Problem description: Only the lines containing "forall" belong in the answer; find them in the material below.
##### Provided data #####
lemma ex_asymmetric_solution:
  assumes "1 \<le> k" "1 < diag_point * (real k - 1 - (real k + 1) * th)"
  obtains x y where "(x, y) \<in> solutions" "x \<noteq> y"
proof -
  obtain p1 where p1: "th < p1" "p1 < diag_param" "0 < param_defect p1"
    using param_defect_pos_below_diag[OF assms] .
  obtain p2 where p2: "th < p2" "p2 < p1" "param_defect p2 < 0"
    using param_defect_neg_near_th[OF p1(1)] .
  have "p1 < 1" using p1 diag_param_bounds by simp
  obtain p where p: "p2 \<le> p" "p \<le> p1" "param_defect p = 0"
    using IVT'[of param_defect p2 0 p1] param_defect_continuous[OF p2(1) \<open>p1 < 1\<close>] p1 p2
    by auto
  have "th < p" "p < 1" using p p1 p2 \<open>p1 < 1\<close> by auto
  have "param_x p \<noteq> param_y p"
  proof
    assume "param_x p = param_y p"
    then have "param_x p = diag_point"
      using param_mem_solutions[OF \<open>th < p\<close> \<open>p < 1\<close> p(3)] diag_point_unique by simp
    then have "lam * p^k = lam * diag_param^k"
      using param_x_diag unfolding param_x_def by simp
    then have "p^k = diag_param^k" using lam_pos by simp
    then have "p = diag_param"
      using \<open>th < p\<close> diag_param_bounds th_pos \<open>1 \<le> k\<close> by (auto intro: power_eq_imp_eq_base)
    then show False using p p1 by simp
  qed
  then show ?thesis
    using that param_mem_solutions[OF \<open>th < p\<close> \<open>p < 1\<close> p(3)] by blast
qed

lemma diag_point_above_critical:
  assumes "1 \<le> k" "th < theta_c k" "lambda_cr k th < lam"
  shows "1 < diag_point * (real k - 1 - (real k + 1) * th)"
proof -
  define c where "c = real k - 1 - (real k + 1) * th"
  have "0 < c" using assms(2) unfolding c_def theta_c_def by (simp add: field_simps)
  \<comment> \<open>At t = 1/c the diagonal ratio equals k/(k+1), and lambda_cr is exactly the activity
    for which t = 1/c solves the diagonal equation.\<close>
  have "diag_ratio (1 / c) = real k / (real k + 1)"
  proof -
    have "1 + 1 / c + th * (1 / c) = (c + 1 + th) / c" "1 + 1 / c + 1 / c = (c + 2) / c"
      using \<open>0 < c\<close> by (simp_all add: field_simps)
    then have "diag_ratio (1 / c) = (c + 1 + th) / (c + 2)"
      unfolding diag_ratio_def using \<open>0 < c\<close> by simp
    moreover have "c + 1 + th = real k * (1 - th)" "c + 2 = (real k + 1) * (1 - th)"
      unfolding c_def by (simp_all add: algebra_simps)
    ultimately show ?thesis using th_less_one by simp
  qed
  moreover have "lambda_cr k th * (real k / (real k + 1))^k = 1 / c"
  proof -
    have "((real k + 1) / real k)^k * (real k / (real k + 1))^k = 1"
      unfolding power_mult_distrib[symmetric] using \<open>1 \<le> k\<close> by simp
    then show ?thesis unfolding lambda_cr_def c_def by (simp add: mult.assoc)
  qed
  moreover have "0 < (real k / (real k + 1))^k" using \<open>1 \<le> k\<close> by simp
  ultimately have crit: "1 / c < lam * diag_ratio (1 / c) ^ k"
    using mult_strict_right_mono[OF assms(3)] by metis
  have "1 / c < diag_point"
  proof (rule ccontr)
    assume "\<not> 1 / c < diag_point"
    then have "diag_ratio (1 / c) ^ k \<le> diag_ratio diag_point ^ k"
      using diag_point_pos diag_ratio_antimono diag_ratio_pos[of "1 / c"] \<open>0 < c\<close>
      by (intro power_mono) auto
    then have "lam * diag_ratio (1 / c) ^ k \<le> diag_point"
      using diag_point_mem lam_pos unfolding diag_mem_solutions_iff by (metis mult_left_mono less_imp_le)
    then show False using crit \<open>\<not> 1 / c < diag_point\<close> by simp
  qed
  then show ?thesis using \<open>0 < c\<close> unfolding c_def by (simp add: field_simps)
qed

lemma three_solutions:
  assumes "1 \<le> k" "th < theta_c k" "lambda_cr k th < lam"
  shows "\<exists>S \<subseteq> solutions. finite S \<and> card S = 3"
proof -
  obtain x y where xy: "(x, y) \<in> solutions" "x \<noteq> y"
    using ex_asymmetric_solution[OF \<open>1 \<le> k\<close> diag_point_above_critical[OF assms]] .
  let ?S = "{(diag_point, diag_point), (x, y), (y, x)}"
  have "?S \<subseteq> solutions" using xy diag_point_mem scwr_tisgm_solutions_swap by auto
  moreover have "card ?S = 3" using xy by auto
  ultimately show ?thesis by blast
qed

lemma card_solutions_eq_one:
  assumes "k \<ge> 4" "th \<ge> theta_c' k \<or> (th < theta_c' k \<and> lam < lambda_cr' k th)"
  shows "card solutions = 1"
  using solutions_eq_diag uniqueness_regime[OF assms] assms(1) by simp

end

theorem mainTheorem11:
  fixes k :: nat and lam th :: real
  assumes "k \<ge> 4" and "lam > 0" and "0 < th" and "th < 1"
  shows "((th \<ge> theta_c' k \<or> (th < theta_c' k \<and> lam < lambda_cr' k th))
           \<longrightarrow> card (scwr_tisgm_solutions k lam th) = 1)
         \<and> ((th < theta_c k \<and> lam > lambda_cr k th)
           \<longrightarrow> (\<exists>A \<subseteq> scwr_tisgm_solutions k lam th. finite A \<and> card A = 3))"
proof -
  interpret scwr_model k lam th using assms by unfold_locales
  show ?thesis
    using card_solutions_eq_one[OF \<open>k \<ge> 4\<close>] three_solutions \<open>k \<ge> 4\<close> by auto
qed

end
(* For every tournament $T$ on $N$ nodes and every positive integer $k \le N$, the auxiliary bipartite digraph $G(T)$ contains no directed cycle of length $2$ (digon) and no directed cycle of length $4$.
   Context: Let $T=(V,E)$ be a tournament on $N$ nodes and let $k \le N$ be a positive integer. The auxiliary bipartite digraph $G(T)$ has vertex set $R \cup C$, where $R$ contains one vertex for each node of $T$ and $C$ contains one vertex for each $k$-element subset of $V$. Its arcs are: for each $X = \{v_1,\dots,v_k\} \in C$, the arcs $(v_i, X)$ for $1 \le i \le k$; and for each $u \in R$ and $X \in C$, the arc $(X, u)$ if and only if $(u, v_i) \in E$ for all $v_i \in X$. *)

theory Defs
  imports Main
begin

definition tournament :: "'a set \<Rightarrow> ('a \<times> 'a) set \<Rightarrow> bool" where
  "tournament V E \<longleftrightarrow> finite V \<and> E \<subseteq> V \<times> V \<and>
     (\<forall>v\<in>V. (v, v) \<notin> E) \<and>
     (\<forall>u\<in>V. \<forall>v\<in>V. u \<noteq> v \<longrightarrow> ((u, v) \<in> E \<longleftrightarrow> (v, u) \<notin> E))"

text \<open>Auxiliary bipartite digraph G(T): vertices Inl v (the set R, one per node) and
Inr X (the set C, one per k-element subset X of V).\<close>
definition aux_vertices :: "'a set \<Rightarrow> nat \<Rightarrow> ('a + 'a set) set" where
  "aux_vertices V k = Inl ` V \<union> Inr ` {X. X \<subseteq> V \<and> card X = k}"

definition aux_arcs :: "'a set \<Rightarrow> ('a \<times> 'a) set \<Rightarrow> nat \<Rightarrow> (('a + 'a set) \<times> ('a + 'a set)) set" where
  "aux_arcs V E k =
     {(Inl v, Inr X) | v X. X \<subseteq> V \<and> card X = k \<and> v \<in> X} \<union>
     {(Inr X, Inl u) | u X. X \<subseteq> V \<and> card X = k \<and> u \<in> V \<and> (\<forall>v\<in>X. (u, v) \<in> E)}"

definition directed_cycle :: "'b set \<Rightarrow> ('b \<times> 'b) set \<Rightarrow> nat \<Rightarrow> 'b list \<Rightarrow> bool" where
  "directed_cycle W A n ws \<longleftrightarrow> length ws = n \<and> distinct ws \<and> set ws \<subseteq> W \<and>
     (\<forall>i<n. (ws ! i, ws ! ((i + 1) mod n)) \<in> A)"

end

theory Submission
  imports Defs
begin

text \<open>G(T) is bipartite, and a path v \<rightarrow> X \<rightarrow> u between two nodes of T forces the arc
u \<rightarrow> v in T, because u dominates X and v \<in> X. A closed walk of length 2 or 4 in G(T)
therefore yields a loop or a pair of opposite arcs in T, neither of which a tournament has.\<close>

lemma tournament_asym:
  assumes "tournament V E" and "(u, v) \<in> E"
  shows "(v, u) \<notin> E"
  using assms unfolding tournament_def by (cases "u = v") auto

lemma aux_arc_alternates:
  assumes "(p, q) \<in> aux_arcs V E k"
  shows "isl q \<longleftrightarrow> \<not> isl p"
  using assms by (auto simp: aux_arcs_def)

lemma aux_path_through_subset:
  assumes "(Inl v, q) \<in> aux_arcs V E k" and "(q, Inl u) \<in> aux_arcs V E k"
  shows "(u, v) \<in> E"
  using assms by (auto simp: aux_arcs_def)

lemma aux_arcs_no_closed_walk_2:
  assumes "tournament V E" and "(p, q) \<in> aux_arcs V E k" and "(q, p) \<in> aux_arcs V E k"
  shows False
proof -
  obtain v where "p = Inl v \<or> q = Inl v"
    using aux_arc_alternates[OF assms(2)] by (cases p; cases q) auto
  then have "(v, v) \<in> E"
    using aux_path_through_subset[where v = v and u = v] assms(2,3) by auto
  then show False
    using tournament_asym[OF assms(1)] by blast
qed

lemma aux_arcs_no_closed_walk_4_from_node:
  assumes "tournament V E"
    and "(Inl v, b) \<in> aux_arcs V E k" "(b, c) \<in> aux_arcs V E k"
        "(c, e) \<in> aux_arcs V E k" "(e, Inl v) \<in> aux_arcs V E k"
  shows False
proof -
  obtain u where c: "c = Inl u"
    using aux_arc_alternates[OF assms(2)] aux_arc_alternates[OF assms(3)] by (cases c) auto
  have "(u, v) \<in> E"
    using aux_path_through_subset[where v = v and u = u] assms(2,3) c by simp
  moreover have "(v, u) \<in> E"
    using aux_path_through_subset[where v = u and u = v] assms(4,5) c by simp
  ultimately show False
    using tournament_asym[OF assms(1)] by blast
qed

lemma aux_arcs_no_closed_walk_4:
  assumes "tournament V E"
    and "(a, b) \<in> aux_arcs V E k" "(b, c) \<in> aux_arcs V E k"
        "(c, e) \<in> aux_arcs V E k" "(e, a) \<in> aux_arcs V E k"
  shows False
proof (cases a)
  case (Inl v)
  then show False
    using aux_arcs_no_closed_walk_4_from_node[OF assms(1), where v = v and b = b and c = c and e = e]
      assms(2-5)
    by simp
next
  case (Inr X)
  then obtain v where "b = Inl v"
    using aux_arc_alternates[OF assms(2)] by (cases b) auto
  then show False
    using aux_arcs_no_closed_walk_4_from_node[OF assms(1), where v = v and b = c and c = e and e = a]
      assms(2-5)
    by simp
qed

lemma directed_cycle_2_arcs:
  assumes "directed_cycle W A 2 ws"
  obtains a b where "(a, b) \<in> A" "(b, a) \<in> A"
proof
  from assms have arc: "(ws ! i, ws ! ((i + 1) mod 2)) \<in> A" if "i < 2" for i
    using that unfolding directed_cycle_def by blast
  show "(ws ! 0, ws ! 1) \<in> A" "(ws ! 1, ws ! 0) \<in> A"
    using arc[of 0] arc[of 1] by simp_all
qed

lemma directed_cycle_4_arcs:
  assumes "directed_cycle W A 4 ws"
  obtains a b c e where "(a, b) \<in> A" "(b, c) \<in> A" "(c, e) \<in> A" "(e, a) \<in> A"
proof
  from assms have arc: "(ws ! i, ws ! ((i + 1) mod 4)) \<in> A" if "i < 4" for i
    using that unfolding directed_cycle_def by blast
  show "(ws ! 0, ws ! 1) \<in> A" "(ws ! 1, ws ! 2) \<in> A"
       "(ws ! 2, ws ! 3) \<in> A" "(ws ! 3, ws ! 0) \<in> A"
    using arc[of 0] arc[of 1, unfolded one_add_one] arc[of 2] arc[of 3] by simp_all
qed

theorem lemma2:
  fixes V :: "'a set" and E :: "('a \<times> 'a) set" and N k :: nat
  assumes "tournament V E" and "card V = N" and "0 < k" and "k \<le> N"
  shows "\<not> (\<exists>ws. directed_cycle (aux_vertices V k) (aux_arcs V E k) 2 ws) \<and>
         \<not> (\<exists>ws. directed_cycle (aux_vertices V k) (aux_arcs V E k) 4 ws)"
proof (intro conjI notI; elim exE)
  fix ws
  assume "directed_cycle (aux_vertices V k) (aux_arcs V E k) 2 ws"
  then show False
    by (rule directed_cycle_2_arcs) (rule aux_arcs_no_closed_walk_2[OF assms(1)])
next
  fix ws
  assume "directed_cycle (aux_vertices V k) (aux_arcs V E k) 4 ws"
  then show False
    by (rule directed_cycle_4_arcs) (rule aux_arcs_no_closed_walk_4[OF assms(1)])
qed

end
#####
Written reply:
     (\<forall>v\<in>V. (v, v) \<notin> E) \<and>
     (\<forall>u\<in>V. \<forall>v\<in>V. u \<noteq> v \<longrightarrow> ((u, v) \<in> E \<longleftrightarrow> (v, u) \<notin> E))"
     {(Inr X, Inl u) | u X. X \<subseteq> V \<and> card X = k \<and> u \<in> V \<and> (\<forall>v\<in>X. (u, v) \<in> E)}"
     (\<forall>i<n. (ws ! i, ws ! ((i + 1) mod n)) \<in> A)"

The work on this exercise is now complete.